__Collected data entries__
■ ■ ■ ■ ■

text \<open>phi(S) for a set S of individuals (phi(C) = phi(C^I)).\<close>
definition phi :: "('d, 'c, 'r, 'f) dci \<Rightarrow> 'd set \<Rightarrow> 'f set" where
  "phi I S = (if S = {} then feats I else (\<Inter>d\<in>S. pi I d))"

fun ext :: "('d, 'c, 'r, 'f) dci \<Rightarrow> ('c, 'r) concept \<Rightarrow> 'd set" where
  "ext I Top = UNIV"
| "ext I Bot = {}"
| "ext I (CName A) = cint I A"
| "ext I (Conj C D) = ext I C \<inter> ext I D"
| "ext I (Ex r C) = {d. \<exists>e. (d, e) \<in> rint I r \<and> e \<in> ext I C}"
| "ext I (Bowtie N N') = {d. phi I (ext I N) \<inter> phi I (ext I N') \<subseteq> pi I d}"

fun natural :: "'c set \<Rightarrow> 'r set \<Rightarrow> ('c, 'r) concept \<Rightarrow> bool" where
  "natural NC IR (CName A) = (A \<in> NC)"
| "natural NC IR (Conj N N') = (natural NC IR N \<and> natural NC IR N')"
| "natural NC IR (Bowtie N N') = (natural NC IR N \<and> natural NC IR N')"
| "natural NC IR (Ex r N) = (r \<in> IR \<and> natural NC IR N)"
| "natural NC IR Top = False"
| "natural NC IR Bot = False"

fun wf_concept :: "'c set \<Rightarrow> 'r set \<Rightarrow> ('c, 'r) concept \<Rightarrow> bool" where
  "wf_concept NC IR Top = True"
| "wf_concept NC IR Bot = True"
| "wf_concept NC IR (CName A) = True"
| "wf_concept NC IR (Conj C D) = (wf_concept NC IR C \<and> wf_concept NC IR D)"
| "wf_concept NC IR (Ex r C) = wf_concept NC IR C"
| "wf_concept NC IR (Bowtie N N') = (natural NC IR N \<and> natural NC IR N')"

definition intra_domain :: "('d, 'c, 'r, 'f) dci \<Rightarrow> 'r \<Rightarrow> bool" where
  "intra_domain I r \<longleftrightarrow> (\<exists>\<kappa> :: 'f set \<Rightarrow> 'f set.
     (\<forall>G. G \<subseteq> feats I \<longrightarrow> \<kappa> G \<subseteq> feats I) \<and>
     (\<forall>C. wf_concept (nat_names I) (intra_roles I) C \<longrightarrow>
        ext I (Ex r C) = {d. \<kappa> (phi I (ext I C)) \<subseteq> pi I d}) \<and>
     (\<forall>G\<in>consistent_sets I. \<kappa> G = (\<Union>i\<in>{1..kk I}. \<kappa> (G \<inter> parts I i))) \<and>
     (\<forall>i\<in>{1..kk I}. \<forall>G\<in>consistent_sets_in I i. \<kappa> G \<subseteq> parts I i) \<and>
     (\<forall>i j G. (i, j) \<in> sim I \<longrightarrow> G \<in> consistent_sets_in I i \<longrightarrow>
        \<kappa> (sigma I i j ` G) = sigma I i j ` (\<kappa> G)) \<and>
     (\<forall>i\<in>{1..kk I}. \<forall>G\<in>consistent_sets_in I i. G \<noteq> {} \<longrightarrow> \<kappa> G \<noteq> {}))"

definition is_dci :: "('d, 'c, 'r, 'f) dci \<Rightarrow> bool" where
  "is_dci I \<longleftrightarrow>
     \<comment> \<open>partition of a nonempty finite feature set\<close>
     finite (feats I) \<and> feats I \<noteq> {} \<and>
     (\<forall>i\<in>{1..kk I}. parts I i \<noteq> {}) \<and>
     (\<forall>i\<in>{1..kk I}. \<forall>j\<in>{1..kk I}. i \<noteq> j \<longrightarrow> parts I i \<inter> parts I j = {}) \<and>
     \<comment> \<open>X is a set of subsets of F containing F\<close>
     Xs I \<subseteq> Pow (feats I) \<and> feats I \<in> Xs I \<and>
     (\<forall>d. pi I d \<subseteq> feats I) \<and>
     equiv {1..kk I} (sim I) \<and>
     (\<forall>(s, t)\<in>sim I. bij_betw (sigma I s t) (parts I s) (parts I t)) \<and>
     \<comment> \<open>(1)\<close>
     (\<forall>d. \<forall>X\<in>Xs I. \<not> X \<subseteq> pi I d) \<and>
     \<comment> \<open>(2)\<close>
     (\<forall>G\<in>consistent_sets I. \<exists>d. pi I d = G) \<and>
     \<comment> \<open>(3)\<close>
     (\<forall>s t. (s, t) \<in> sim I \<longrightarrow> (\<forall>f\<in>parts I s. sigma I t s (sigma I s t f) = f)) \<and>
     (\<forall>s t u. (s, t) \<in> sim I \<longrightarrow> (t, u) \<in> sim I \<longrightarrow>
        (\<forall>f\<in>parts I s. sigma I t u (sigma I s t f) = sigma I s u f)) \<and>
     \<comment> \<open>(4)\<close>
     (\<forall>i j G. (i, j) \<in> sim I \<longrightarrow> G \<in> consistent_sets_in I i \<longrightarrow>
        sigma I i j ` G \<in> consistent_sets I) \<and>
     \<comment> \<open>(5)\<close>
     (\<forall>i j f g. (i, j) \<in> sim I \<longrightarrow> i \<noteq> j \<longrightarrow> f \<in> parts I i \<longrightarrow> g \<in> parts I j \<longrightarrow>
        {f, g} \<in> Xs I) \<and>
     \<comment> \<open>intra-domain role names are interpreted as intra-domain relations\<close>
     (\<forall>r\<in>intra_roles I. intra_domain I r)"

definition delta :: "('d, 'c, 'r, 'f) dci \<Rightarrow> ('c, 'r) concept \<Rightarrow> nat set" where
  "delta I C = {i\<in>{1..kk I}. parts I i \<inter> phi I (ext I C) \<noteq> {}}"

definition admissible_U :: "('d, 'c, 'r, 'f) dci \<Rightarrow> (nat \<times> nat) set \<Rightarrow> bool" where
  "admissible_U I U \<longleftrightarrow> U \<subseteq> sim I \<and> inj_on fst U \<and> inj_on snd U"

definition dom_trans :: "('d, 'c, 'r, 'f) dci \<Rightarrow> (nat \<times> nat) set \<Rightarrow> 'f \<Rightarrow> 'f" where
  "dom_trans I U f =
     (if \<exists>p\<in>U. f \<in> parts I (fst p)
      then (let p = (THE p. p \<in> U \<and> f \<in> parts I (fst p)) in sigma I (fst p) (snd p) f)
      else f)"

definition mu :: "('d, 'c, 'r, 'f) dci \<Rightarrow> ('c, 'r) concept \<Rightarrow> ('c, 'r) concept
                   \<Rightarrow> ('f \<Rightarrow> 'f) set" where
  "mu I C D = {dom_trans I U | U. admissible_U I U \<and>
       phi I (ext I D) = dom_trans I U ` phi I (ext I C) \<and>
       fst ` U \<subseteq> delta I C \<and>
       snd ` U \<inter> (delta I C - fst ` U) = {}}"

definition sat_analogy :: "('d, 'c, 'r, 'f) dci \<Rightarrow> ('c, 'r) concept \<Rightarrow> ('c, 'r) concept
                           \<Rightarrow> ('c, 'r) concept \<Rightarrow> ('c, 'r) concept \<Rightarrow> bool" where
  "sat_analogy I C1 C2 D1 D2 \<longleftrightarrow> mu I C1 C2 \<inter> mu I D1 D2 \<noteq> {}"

■ ■ ■ ■ ■

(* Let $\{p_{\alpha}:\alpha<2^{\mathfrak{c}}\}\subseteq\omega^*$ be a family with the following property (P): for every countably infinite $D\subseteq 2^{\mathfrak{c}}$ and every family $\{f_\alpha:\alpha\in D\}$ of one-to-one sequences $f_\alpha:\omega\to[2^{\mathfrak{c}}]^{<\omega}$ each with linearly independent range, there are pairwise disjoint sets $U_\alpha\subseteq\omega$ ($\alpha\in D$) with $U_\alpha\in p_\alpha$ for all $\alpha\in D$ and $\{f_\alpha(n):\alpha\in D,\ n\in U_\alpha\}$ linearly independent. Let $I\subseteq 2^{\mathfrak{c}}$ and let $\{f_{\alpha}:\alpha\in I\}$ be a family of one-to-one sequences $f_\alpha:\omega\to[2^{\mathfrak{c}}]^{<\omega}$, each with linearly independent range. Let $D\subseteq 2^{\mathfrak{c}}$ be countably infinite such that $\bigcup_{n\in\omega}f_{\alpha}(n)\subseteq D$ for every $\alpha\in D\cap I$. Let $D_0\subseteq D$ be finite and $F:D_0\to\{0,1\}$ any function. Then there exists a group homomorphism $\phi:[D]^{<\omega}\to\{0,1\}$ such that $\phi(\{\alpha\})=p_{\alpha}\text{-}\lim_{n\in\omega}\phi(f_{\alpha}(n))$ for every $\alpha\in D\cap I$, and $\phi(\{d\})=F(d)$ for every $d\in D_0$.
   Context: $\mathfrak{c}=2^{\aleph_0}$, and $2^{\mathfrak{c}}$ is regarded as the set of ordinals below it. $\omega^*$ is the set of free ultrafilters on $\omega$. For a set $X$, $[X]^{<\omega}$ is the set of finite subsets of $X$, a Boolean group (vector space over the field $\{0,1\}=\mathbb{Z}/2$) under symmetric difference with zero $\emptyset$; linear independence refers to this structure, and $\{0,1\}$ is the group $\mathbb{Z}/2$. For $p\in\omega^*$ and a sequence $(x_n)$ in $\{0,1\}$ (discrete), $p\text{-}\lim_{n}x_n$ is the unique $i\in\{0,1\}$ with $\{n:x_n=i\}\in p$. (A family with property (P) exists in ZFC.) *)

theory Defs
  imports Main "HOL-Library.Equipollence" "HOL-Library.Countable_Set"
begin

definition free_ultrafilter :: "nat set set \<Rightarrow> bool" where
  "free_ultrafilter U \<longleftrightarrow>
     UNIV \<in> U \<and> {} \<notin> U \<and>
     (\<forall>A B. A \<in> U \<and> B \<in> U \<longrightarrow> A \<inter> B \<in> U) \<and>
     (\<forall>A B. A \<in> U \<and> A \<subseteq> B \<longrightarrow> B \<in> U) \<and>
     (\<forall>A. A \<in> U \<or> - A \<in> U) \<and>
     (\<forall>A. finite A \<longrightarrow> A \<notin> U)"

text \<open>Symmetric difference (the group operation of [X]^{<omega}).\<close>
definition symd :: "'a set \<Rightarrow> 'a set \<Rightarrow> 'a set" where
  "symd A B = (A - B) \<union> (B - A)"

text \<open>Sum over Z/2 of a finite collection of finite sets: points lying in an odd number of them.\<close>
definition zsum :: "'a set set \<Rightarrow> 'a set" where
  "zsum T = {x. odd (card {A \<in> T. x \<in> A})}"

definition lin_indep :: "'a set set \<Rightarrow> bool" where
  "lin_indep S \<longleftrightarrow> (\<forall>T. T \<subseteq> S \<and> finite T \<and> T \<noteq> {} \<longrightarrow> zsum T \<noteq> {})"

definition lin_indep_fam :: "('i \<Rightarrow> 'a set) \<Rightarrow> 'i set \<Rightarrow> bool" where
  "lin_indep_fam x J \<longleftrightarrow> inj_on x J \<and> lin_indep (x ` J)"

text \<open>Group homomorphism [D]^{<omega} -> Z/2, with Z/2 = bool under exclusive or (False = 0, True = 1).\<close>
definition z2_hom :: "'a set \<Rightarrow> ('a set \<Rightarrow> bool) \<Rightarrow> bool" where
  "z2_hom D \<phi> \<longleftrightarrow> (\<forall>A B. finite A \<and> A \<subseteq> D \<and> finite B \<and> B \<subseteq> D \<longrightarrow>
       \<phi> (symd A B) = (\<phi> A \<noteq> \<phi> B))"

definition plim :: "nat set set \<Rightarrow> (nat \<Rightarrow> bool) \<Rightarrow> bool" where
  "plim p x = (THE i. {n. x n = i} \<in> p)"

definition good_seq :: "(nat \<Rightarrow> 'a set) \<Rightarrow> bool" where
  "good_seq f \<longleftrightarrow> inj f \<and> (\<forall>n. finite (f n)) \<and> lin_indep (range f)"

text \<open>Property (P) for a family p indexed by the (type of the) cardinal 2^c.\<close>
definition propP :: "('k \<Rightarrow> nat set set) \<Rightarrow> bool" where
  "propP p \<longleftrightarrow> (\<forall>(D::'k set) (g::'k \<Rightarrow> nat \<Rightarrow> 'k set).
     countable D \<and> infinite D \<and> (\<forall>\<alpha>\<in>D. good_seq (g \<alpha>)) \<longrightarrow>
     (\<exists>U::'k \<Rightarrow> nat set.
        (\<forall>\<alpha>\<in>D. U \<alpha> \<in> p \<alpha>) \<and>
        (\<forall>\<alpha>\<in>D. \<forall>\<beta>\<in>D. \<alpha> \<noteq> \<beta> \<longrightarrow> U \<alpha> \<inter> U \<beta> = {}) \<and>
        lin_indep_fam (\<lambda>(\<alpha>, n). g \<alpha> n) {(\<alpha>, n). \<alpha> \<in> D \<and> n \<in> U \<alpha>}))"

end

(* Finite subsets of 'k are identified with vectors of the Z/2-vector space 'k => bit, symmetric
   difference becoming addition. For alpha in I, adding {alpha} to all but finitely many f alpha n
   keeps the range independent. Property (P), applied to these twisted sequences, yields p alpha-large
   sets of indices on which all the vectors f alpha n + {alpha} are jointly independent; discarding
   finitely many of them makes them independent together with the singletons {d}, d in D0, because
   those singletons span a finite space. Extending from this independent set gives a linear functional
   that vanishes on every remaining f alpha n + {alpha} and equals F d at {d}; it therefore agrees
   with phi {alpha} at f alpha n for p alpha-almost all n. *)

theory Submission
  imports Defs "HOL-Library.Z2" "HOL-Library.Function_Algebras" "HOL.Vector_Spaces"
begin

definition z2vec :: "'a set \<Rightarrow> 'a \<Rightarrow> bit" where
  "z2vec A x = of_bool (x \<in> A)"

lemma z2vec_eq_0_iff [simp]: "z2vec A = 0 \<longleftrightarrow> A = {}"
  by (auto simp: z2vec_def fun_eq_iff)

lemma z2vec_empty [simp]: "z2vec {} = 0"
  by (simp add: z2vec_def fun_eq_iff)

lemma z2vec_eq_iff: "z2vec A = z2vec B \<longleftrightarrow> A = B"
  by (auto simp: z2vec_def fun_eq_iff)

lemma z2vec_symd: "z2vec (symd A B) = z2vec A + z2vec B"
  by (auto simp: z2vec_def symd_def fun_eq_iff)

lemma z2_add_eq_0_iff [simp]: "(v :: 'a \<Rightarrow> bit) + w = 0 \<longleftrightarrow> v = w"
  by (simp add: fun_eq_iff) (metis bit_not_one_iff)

■ ■ ■ ■ ■

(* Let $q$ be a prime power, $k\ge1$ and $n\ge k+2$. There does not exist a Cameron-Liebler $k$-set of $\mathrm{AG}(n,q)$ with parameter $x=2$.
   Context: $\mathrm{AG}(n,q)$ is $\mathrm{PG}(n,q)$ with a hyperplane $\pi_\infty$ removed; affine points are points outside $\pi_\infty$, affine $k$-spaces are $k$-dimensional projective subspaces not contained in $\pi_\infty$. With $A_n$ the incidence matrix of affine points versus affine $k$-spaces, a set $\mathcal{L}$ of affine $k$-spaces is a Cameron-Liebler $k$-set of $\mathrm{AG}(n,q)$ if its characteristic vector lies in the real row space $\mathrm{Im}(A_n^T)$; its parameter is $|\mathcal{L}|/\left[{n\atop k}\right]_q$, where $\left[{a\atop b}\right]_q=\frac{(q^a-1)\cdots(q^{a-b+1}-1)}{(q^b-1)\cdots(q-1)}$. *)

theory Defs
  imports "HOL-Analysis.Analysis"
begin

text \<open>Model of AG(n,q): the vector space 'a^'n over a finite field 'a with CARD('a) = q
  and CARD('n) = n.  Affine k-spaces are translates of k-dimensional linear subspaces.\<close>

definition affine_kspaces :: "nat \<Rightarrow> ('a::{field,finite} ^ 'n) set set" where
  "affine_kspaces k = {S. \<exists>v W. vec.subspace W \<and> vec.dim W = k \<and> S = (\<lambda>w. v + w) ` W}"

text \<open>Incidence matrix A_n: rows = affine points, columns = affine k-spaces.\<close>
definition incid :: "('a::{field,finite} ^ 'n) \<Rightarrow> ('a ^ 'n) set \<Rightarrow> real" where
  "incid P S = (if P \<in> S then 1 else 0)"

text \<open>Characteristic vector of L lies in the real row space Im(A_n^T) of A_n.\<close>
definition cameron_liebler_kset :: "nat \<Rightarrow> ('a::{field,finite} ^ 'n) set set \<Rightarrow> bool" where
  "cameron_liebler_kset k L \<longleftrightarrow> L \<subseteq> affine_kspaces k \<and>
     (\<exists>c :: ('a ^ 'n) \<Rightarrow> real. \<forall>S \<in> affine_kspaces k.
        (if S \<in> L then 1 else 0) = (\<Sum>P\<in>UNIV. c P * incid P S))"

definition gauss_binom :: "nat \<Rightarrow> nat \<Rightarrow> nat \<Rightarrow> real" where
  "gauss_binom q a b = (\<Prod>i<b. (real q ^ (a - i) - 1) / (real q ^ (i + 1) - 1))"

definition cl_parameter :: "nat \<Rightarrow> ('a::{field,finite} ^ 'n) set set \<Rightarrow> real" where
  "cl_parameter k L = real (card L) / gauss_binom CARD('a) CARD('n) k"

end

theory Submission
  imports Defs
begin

■ ■ ■ ■ ■

__Action item__
Looking at the entries above, can you reproduce exactly the lines from the one that holds "text \<open>phi(S) for" through the one that holds "I C \<inter>", and only those?

__Problem solution__
text \<open>phi(S) for a set S of individuals (phi(C) = phi(C^I)).\<close>
definition phi :: "('d, 'c, 'r, 'f) dci \<Rightarrow> 'd set \<Rightarrow> 'f set" where
  "phi I S = (if S = {} then feats I else (\<Inter>d\<in>S. pi I d))"

fun ext :: "('d, 'c, 'r, 'f) dci \<Rightarrow> ('c, 'r) concept \<Rightarrow> 'd set" where
  "ext I Top = UNIV"
| "ext I Bot = {}"
| "ext I (CName A) = cint I A"
| "ext I (Conj C D) = ext I C \<inter> ext I D"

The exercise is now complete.